RuntimeError: The size of tensor a (4) must match the size of tensor b (3) at non-singleton dimension 1

# (3,4) + (1,1) — scalar broadcast across entire matrix
X = torch.arange(12).reshape(3,4) # (3, 4)
Y = torch.tensor([[10]])          # (1, 1)  → broadcast to (3,4)
Z = X + Y                         # (3,4)
print('', X, '\n', Y, '\n', Z)
print(X.shape, Y.shape, Z.shape)

tensor([[ 0,  1,  2,  3],
        [ 4,  5,  6,  7],
        [ 8,  9, 10, 11]]) 
 tensor([[10]]) 
 tensor([[10, 11, 12, 13],
        [14, 15, 16, 17],
        [18, 19, 20, 21]])
torch.Size([3, 4]) torch.Size([1, 1]) torch.Size([3, 4])

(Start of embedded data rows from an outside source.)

(* Let $0\le p,q<1$, $\theta\in(0,1)$ irrational, $N$ a positive integer. Let $\mathcal O(S^3_{pq\theta})$ be the universal complex unital $*$-algebra generated by $a,b$ subject to $ab=e^{2\pi i\theta}ba$, $ab^*=e^{-2\pi i\theta}b^*a$, $a^*a-paa^*=1-p$, $b^*b-qbb^*=1-q$, $(1-aa^* )(1-bb^* )=0$, with right $\mathcal O(U(1))$-coaction $x\mapsto x_{(0)}\otimes x_{(1)}$ determined by $a\mapsto a\otimes u$, $b\mapsto b\otimes u$ (a $*$-algebra map), and corresponding $U(1)$-action $\alpha_\lambda(a)=\lambda a$, $\alpha_\lambda(b)=\lambda b$. Let $\mathbb Z/N\mathbb Z$ act on $\mathcal O(S^3_{pq\theta})\otimes\mathcal O(U(1))$ by $\tilde\alpha_{\zeta}(x\otimes h)=\alpha_\zeta(x)\otimes h(\,\cdot\,\zeta^{-1})$ for $\zeta=e^{2\pi ik/N}$. Let $\psi:\mathcal O(U(1))\to\mathcal O(U(1))$ be the injective $*$-Hopf algebra map $u\mapsto u^N$. Then the maps $$\phi(x\otimes h)=x_{(0)}\otimes x_{(1)}\psi(h),\qquad \phi^{-1}\Big(\sum_i x^i\otimes h^i\Big)=\sum_i x^i_{(0)}\otimes\psi^{-1}\big(S(x^i_{(1)})h^i\big)$$ are well-defined mutually inverse $*$-algebra isomorphisms between $\mathcal O(S^3_{pq\theta})\otimes\mathcal O(U(1))$ and the fixed-point algebra $(\mathcal O(S^3_{pq\theta})\otimes\mathcal O(U(1)))^{\mathbb Z/N\mathbb Z}$.
   Context: $\mathcal O(U(1))=\mathbb C[u,u^{-1}]$ is the Hopf $*$-algebra generated by a group-like unitary $u$, with antipode $S(u)=u^{-1}$; its elements are regarded as functions on $U(1)$. The image of $\psi$ is $\{h\in\mathcal O(U(1))\mid \pi(h_{(1)})\otimes h_{(2)}=1\otimes h\}$ where $\pi(u)=\tilde u$ is the surjection onto $\mathcal O(\mathbb Z/N\mathbb Z)$, $\tilde u^N=1$. Tensor products are algebraic over $\mathbb C$. *)

theory Defs
  imports Complex_Main "HOL-Library.Poly_Mapping" "HOL-Library.Product_Plus"
begin

datatype gen = Ga | Gas | Gb | Gbs

datatype word = W "gen list"

instantiation word :: monoid_add
begin
definition zero_word :: word where "zero_word = W []"
fun plus_word :: "word \<Rightarrow> word \<Rightarrow> word" where "plus_word (W xs) (W ys) = W (xs @ ys)"
instance proof
  fix a b c :: word
  show "a + b + c = a + (b + c)" by (cases a; cases b; cases c) simp
  show "0 + a = a" by (cases a) (simp add: zero_word_def)
  show "a + 0 = a" by (cases a) (simp add: zero_word_def)
qed
end

text \<open>Free algebra = monoid algebra of the free monoid on a, a*, b, b*;
  O(U(1)) = Laurent polynomials C[u,u^-1] = group algebra of int (u^m = single m 1);
  algebraic tensor product F (x) O(U(1)) = monoid algebra of word x int.\<close>
type_synonym freealg = "word \<Rightarrow>\<^sub>0 complex"
type_synonym OU1 = "int \<Rightarrow>\<^sub>0 complex"
type_synonym tensalg = "(word \<times> int) \<Rightarrow>\<^sub>0 complex"

definition sc :: "complex \<Rightarrow> ('k \<Rightarrow>\<^sub>0 complex) \<Rightarrow> ('k \<Rightarrow>\<^sub>0 complex)" where
  "sc c x = Poly_Mapping.map (\<lambda>v. c * v) x"

definition lin :: "('k \<Rightarrow> ('l \<Rightarrow>\<^sub>0 complex)) \<Rightarrow> ('k \<Rightarrow>\<^sub>0 complex) \<Rightarrow> ('l \<Rightarrow>\<^sub>0 complex)" where
  "lin f y = (\<Sum>k\<in>Poly_Mapping.keys y. sc (Poly_Mapping.lookup y k) (f k))"

definition antilin :: "('k \<Rightarrow> ('l \<Rightarrow>\<^sub>0 complex)) \<Rightarrow> ('k \<Rightarrow>\<^sub>0 complex) \<Rightarrow> ('l \<Rightarrow>\<^sub>0 complex)" where
  "antilin f y = (\<Sum>k\<in>Poly_Mapping.keys y. sc (cnj (Poly_Mapping.lookup y k)) (f k))"
lemma nn_integral_powr_translate_le:
  fixes f g :: "real \<Rightarrow> real"
  assumes [measurable]: "f \<in> borel_measurable borel" and "0 < K" "0 \<le> q"
    and le: "\<And>s. 0 \<le> s \<Longrightarrow> s \<le> h \<Longrightarrow> 0 \<le> g (t0 + s) \<and> g (t0 + s) \<le> K * f s"
  shows "(\<integral>\<^sup>+ t. ennreal (g t powr q) * indicator {t0..t0+h} t \<partial>lborel)
         \<le> ennreal (K powr q) * (\<integral>\<^sup>+ t. ennreal (f t powr q) * indicator {0..h} t \<partial>lborel)"
proof -
  define F where "F = (\<lambda>s. ennreal (f s powr q) * indicator {0..h} s)"
  have [measurable]: "F \<in> borel_measurable borel" unfolding F_def by measurable
  have "(\<integral>\<^sup>+ t. ennreal (g t powr q) * indicator {t0..t0+h} t \<partial>lborel)
        \<le> (\<integral>\<^sup>+ t. ennreal (K powr q) * F (t - t0) \<partial>lborel)"
  proof (rule nn_integral_mono)
    fix t
    show "ennreal (g t powr q) * indicator {t0..t0+h} t \<le> ennreal (K powr q) * F (t - t0)"
    proof (cases "t \<in> {t0..t0+h}")
      case True
      with le[of "t - t0"] have "0 \<le> g t" "g t \<le> K * f (t - t0)" by auto
      moreover from this have "0 \<le> f (t - t0)"
        using \<open>0 < K\<close> by (meson order.trans zero_le_mult_iff not_less)
      ultimately have "g t powr q \<le> K powr q * f (t - t0) powr q"
        using \<open>0 < K\<close> \<open>0 \<le> q\<close> by (metis less_imp_le powr_mono2 powr_mult)
      then show ?thesis
        using True \<open>0 \<le> f (t - t0)\<close> by (simp add: F_def ennreal_mult[symmetric] ennreal_leI)
    qed (auto simp: indicator_def)
  qed
  also have "\<dots> = ennreal (K powr q) * (\<integral>\<^sup>+ t. F (t - t0) \<partial>lborel)"
    by (rule nn_integral_cmult) measurable
  also have "(\<integral>\<^sup>+ t. F (t - t0) \<partial>lborel) = (\<integral>\<^sup>+ s. F s \<partial>lborel)"
    using nn_integral_real_affine[of "\<lambda>t. F (t - t0)" 1 t0] by simp
  finally show ?thesis
    unfolding F_def .
qed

# (3,4) + (3,4) — same shape, no broadcasting
X = torch.arange(12).reshape(3,4) # (3, 4)
Y = torch.arange(12).reshape(3,4) # (3, 4)  → same, no broadcast
Z = X + Y                         # (3,4)
print('', X, '\n', Y, '\n', Z)
print(X.shape, Y.shape, Z.shape)

tensor([[ 0,  1,  2,  3],
        [ 4,  5,  6,  7],
        [ 8,  9, 10, 11]]) 
 tensor([[ 0,  1,  2,  3],
        [ 4,  5,  6,  7],
        [ 8,  9, 10, 11]]) 
 tensor([[ 0,  2,  4,  6],
        [ 8, 10, 12, 14],
        [16, 18, 20, 22]])
torch.Size([3, 4]) torch.Size([3, 4]) torch.Size([3, 4])

Non-trivial case

# (1,4) + (3,1) — outer sum. both broadcast to (3,4)
X = torch.arange(4).reshape(1,4)  # (1, 4)  → broadcast to (3,4)
Y = torch.arange(3).reshape(3,1)  # (3, 1)  → broadcast to (3,4)
Z = X + Y                         # (3,4)
print('', X, '\n', Y, '\n', Z)
print(X.shape, Y.shape, Z.shape)

tensor([[0, 1, 2, 3]]) 
 tensor([[0],
        [1],
        [2]]) 
 tensor([[0, 1, 2, 3],
        [1, 2, 3, 4],
        [2, 3, 4, 5]])
torch.Size([1, 4]) torch.Size([3, 1]) torch.Size([3, 4])

3D cases

Non-trivial case

# (2,3,4) + (4,) — broadcast over last dim
X = torch.arange(24).reshape(2,3,4) # (2, 3, 4)
Y = torch.arange(4)                 # (      4,)  → treated as (1,1,4) → broadcast to (2,3,4)
Z = X + Y                           # (2,3,4)
print('', X, '\n', Y, '\n', Z)
print(X.shape, Y.shape, Z.shape)

tensor([[[ 0,  1,  2,  3],
         [ 4,  5,  6,  7],
         [ 8,  9, 10, 11]],
 
        [[12, 13, 14, 15],
         [16, 17, 18, 19],
         [20, 21, 22, 23]]]) 
 tensor([0, 1, 2, 3]) 
 tensor([[[ 0,  2,  4,  6],
         [ 4,  6,  8, 10],
         [ 8, 10, 12, 14]],
 
        [[12, 14, 16, 18],
         [16, 18, 20, 22],
         [20, 22, 24, 26]]])
torch.Size([2, 3, 4]) torch.Size([4]) torch.Size([2, 3, 4])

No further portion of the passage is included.